§ What is expected
Repeat exactly what appears from the opening line of the listing to the line with "using assms(5,6) \<open>r1\<^sup>2", inclusive.

§ Material supplied

lemma mult_arc_angle_le_add_near_tangent:
  assumes "R \<le> r1" "r1 \<le> r" "r \<le> r2" "r2 - r1 \<le> R / 2"
    and "r1 * r < d\<^sup>2 - R\<^sup>2" "d\<^sup>2 - R\<^sup>2 < r * r2"
  shows "r * arc_angle r \<le> r1 * arc_angle r1 + r2 * arc_angle r2"
proof -
  define s where "s = sqrt (d\<^sup>2 - R\<^sup>2)"
  have "R\<^sup>2 \<le> r1 * r" "r1\<^sup>2 \<le> r1 * r" "r * r2 \<le> r2\<^sup>2"
    using assms R_pos by (auto simp: power2_eq_square intro: mult_mono)
  then have "0 \<le> d\<^sup>2 - R\<^sup>2"
    using assms(5) zero_le_power2[of R] by linarith
  then have s_sq: "s\<^sup>2 = d\<^sup>2 - R\<^sup>2" and "0 \<le> s"
    by (simp_all add: s_def)
  have "r1\<^sup>2 < s\<^sup>2" "s\<^sup>2 < r2\<^sup>2"
    using assms(5,6) \<open>r1\<^sup>2 \<le> r1 * r\<close> \<open>r * r2 \<le> r2\<^sup>2\<close> s_sq by linarith+
  then have "r1 < s" "s < r2"
    using \<open>0 \<le> s\<close> R_pos assms by (auto intro: power2_less_imp_less)
  have sin_half_ge: "3/4 * sin (arc_angle r / 2) \<le> sin (arc_angle \<rho> / 2)"
    if "\<rho> = r1 \<or> \<rho> = r2" for \<rho>
  proof -
    have "R \<le> \<rho>" "\<bar>\<rho> - s\<bar> \<le> R / 2"
      using that assms \<open>r1 < s\<close> \<open>s < r2\<close> by auto
    then have "(3/4)\<^sup>2 * excess r \<le> 1\<^sup>2 * excess \<rho>"
      using excess_ge_near_tangent[OF s_sq] \<open>r1 < s\<close> assms R_pos by simp
    then show ?thesis
      using \<open>R \<le> \<rho>\<close> assms by (intro mult_sin_half_arc_angle_le[where v = 1, simplified]) auto
  qed
  have angle_ge: "3/2 * sin (arc_angle r / 2) \<le> arc_angle \<rho>" if "\<rho> = r1 \<or> \<rho> = r2" for \<rho>
    using sin_half_ge[OF that] arc_angle_sin_half_bounds(1)[of \<rho>] that assms by auto
  have "r * arc_angle r \<le> r * (5/2 * sin (arc_angle r / 2))"
    using arc_angle_sin_half_bounds(2)[of r] assms R_pos by (intro mult_left_mono) auto
  also have "\<dots> = 3/2 * sin (arc_angle r / 2) * (5/3 * r)"
    by simp
  also have "\<dots> \<le> 3/2 * sin (arc_angle r / 2) * (r1 + r2)"
    using sin_half_arc_angle_nonneg[of r] assms by (intro mult_left_mono) auto
  also have "\<dots> = r1 * (3/2 * sin (arc_angle r / 2)) + r2 * (3/2 * sin (arc_angle r / 2))"
    by (simp add: algebra_simps)
  also have "\<dots> \<le> r1 * arc_angle r1 + r2 * arc_angle r2"
    using angle_ge[of r1] angle_ge[of r2] assms R_pos by (intro add_mono mult_left_mono) auto
  finally show ?thesis .
qed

§ Problem solution
lemma mult_arc_angle_le_add_near_tangent:
  assumes "R \<le> r1" "r1 \<le> r" "r \<le> r2" "r2 - r1 \<le> R / 2"
    and "r1 * r < d\<^sup>2 - R\<^sup>2" "d\<^sup>2 - R\<^sup>2 < r * r2"
  shows "r * arc_angle r \<le> r1 * arc_angle r1 + r2 * arc_angle r2"
proof -
  define s where "s = sqrt (d\<^sup>2 - R\<^sup>2)"
  have "R\<^sup>2 \<le> r1 * r" "r1\<^sup>2 \<le> r1 * r" "r * r2 \<le> r2\<^sup>2"
    using assms R_pos by (auto simp: power2_eq_square intro: mult_mono)
  then have "0 \<le> d\<^sup>2 - R\<^sup>2"
    using assms(5) zero_le_power2[of R] by linarith
  then have s_sq: "s\<^sup>2 = d\<^sup>2 - R\<^sup>2" and "0 \<le> s"
    by (simp_all add: s_def)
  have "r1\<^sup>2 < s\<^sup>2" "s\<^sup>2 < r2\<^sup>2"
    using assms(5,6) \<open>r1\<^sup>2 \<le> r1 * r\<close> \<open>r * r2 \<le> r2\<^sup>2\<close> s_sq by linarith+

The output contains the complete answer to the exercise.